### TASK PROMPT:
When a line of the records below contains the string "with", copy that whole line.

### SUPPLIED ENTRIES:
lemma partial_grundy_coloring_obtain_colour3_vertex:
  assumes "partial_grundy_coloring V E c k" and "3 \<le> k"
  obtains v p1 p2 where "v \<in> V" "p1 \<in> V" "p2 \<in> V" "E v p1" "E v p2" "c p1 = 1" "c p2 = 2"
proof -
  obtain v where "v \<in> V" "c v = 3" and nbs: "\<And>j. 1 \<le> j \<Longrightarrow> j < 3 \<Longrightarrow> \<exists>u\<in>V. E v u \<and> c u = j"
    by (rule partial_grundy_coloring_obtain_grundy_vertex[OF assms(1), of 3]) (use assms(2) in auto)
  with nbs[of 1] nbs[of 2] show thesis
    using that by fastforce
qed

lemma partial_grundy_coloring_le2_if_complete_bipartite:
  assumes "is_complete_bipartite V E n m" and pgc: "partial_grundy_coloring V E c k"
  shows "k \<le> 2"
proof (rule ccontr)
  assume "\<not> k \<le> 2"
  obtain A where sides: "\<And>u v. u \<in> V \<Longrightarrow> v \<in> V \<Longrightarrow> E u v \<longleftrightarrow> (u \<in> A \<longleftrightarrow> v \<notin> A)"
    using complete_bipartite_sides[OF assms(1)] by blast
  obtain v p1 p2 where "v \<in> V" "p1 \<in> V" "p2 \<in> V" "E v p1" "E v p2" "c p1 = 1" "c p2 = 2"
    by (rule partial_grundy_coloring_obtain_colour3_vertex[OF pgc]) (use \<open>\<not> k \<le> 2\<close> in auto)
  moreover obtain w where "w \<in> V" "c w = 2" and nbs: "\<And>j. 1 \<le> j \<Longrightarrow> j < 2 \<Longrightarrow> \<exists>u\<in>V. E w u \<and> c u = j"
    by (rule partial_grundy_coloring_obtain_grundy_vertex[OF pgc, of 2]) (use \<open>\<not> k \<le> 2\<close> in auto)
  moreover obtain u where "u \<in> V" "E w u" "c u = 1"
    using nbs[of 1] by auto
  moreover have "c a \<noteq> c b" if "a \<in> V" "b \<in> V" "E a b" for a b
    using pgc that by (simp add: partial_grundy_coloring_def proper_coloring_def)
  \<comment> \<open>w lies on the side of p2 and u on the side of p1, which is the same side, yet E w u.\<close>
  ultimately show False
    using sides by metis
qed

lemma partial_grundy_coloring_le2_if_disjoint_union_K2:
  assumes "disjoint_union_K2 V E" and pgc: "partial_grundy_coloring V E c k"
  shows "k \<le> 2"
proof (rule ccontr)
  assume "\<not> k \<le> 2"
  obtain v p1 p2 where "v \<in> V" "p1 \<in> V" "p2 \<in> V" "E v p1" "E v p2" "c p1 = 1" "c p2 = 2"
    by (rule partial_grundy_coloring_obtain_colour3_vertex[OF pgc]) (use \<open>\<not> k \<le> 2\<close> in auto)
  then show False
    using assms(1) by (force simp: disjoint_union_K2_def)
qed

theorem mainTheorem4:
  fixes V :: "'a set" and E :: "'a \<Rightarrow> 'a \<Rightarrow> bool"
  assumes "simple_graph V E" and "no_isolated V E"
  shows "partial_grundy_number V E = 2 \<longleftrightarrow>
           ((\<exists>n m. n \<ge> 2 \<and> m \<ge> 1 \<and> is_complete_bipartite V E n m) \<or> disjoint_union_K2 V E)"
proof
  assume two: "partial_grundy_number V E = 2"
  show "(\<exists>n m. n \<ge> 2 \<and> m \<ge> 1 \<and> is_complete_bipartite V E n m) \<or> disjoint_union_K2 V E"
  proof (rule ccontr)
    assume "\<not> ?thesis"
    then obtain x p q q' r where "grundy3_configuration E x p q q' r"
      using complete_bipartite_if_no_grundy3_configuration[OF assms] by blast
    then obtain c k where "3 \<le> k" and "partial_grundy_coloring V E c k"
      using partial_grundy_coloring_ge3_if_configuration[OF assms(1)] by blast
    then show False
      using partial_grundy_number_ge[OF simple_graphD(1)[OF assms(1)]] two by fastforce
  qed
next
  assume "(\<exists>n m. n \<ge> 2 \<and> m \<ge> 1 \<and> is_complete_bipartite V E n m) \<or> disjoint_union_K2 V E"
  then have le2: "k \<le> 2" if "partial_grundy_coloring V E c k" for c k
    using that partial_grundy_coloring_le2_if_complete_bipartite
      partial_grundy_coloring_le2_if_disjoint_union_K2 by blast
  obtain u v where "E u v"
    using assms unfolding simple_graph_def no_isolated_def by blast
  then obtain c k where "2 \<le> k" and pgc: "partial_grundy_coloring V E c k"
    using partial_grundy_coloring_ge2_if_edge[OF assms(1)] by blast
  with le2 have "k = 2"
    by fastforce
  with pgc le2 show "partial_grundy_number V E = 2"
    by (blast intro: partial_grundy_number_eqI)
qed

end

### RESPONSE TO THE EXERCISE:
  with nbs[of 1] nbs[of 2] show thesis
  with le2 have "k = 2"
  with pgc le2 show "partial_grundy_number V E = 2"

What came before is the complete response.